▸ **Task goal**:
Lines with the word "rule" in them must be copied from the records below.

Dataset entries
- - - -

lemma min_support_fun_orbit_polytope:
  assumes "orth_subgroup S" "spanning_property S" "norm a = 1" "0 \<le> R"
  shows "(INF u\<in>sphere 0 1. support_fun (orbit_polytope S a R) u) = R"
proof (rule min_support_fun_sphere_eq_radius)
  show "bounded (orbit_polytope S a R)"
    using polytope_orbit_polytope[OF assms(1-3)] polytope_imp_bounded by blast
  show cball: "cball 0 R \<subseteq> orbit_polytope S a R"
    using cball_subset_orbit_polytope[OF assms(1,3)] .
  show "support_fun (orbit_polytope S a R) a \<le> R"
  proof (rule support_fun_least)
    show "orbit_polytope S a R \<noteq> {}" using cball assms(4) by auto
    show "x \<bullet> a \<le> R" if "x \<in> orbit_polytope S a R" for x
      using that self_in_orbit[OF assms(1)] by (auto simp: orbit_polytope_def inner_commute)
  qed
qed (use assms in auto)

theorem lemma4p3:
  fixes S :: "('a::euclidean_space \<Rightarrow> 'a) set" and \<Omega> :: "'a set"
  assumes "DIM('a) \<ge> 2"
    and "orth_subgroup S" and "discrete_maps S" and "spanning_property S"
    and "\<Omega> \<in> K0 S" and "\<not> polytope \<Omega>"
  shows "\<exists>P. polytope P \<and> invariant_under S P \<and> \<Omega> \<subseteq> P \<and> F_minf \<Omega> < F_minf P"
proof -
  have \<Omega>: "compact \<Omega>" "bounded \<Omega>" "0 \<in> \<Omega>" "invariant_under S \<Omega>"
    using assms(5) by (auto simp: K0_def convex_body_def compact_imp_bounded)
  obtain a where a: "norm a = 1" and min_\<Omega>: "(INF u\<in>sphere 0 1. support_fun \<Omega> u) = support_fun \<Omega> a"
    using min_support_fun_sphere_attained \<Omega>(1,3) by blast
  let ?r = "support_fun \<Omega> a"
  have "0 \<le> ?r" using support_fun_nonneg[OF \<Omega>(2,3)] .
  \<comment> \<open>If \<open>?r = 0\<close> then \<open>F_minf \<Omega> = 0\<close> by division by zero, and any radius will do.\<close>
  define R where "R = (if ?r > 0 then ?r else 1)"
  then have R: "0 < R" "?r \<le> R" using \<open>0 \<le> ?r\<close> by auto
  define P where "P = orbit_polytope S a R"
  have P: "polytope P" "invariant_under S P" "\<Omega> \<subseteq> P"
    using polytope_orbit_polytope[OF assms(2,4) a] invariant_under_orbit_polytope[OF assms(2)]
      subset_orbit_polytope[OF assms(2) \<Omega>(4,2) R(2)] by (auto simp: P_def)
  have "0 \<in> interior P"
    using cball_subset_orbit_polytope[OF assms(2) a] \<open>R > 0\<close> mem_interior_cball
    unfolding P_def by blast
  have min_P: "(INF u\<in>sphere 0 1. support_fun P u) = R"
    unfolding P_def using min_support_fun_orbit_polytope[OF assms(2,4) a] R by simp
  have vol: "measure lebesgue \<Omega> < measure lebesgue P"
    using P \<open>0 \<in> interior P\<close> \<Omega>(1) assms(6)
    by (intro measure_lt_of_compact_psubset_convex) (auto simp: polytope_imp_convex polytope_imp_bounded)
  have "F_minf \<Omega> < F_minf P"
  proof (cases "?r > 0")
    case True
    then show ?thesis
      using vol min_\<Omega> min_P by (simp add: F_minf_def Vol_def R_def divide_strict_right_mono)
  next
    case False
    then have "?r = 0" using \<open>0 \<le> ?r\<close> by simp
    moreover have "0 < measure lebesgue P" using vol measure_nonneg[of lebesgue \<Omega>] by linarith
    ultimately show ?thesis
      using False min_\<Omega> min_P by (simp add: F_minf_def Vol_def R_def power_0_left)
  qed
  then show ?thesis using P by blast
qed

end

- - - -

▸ **Response for this exercise**:
proof (rule min_support_fun_sphere_eq_radius)
  proof (rule support_fun_least)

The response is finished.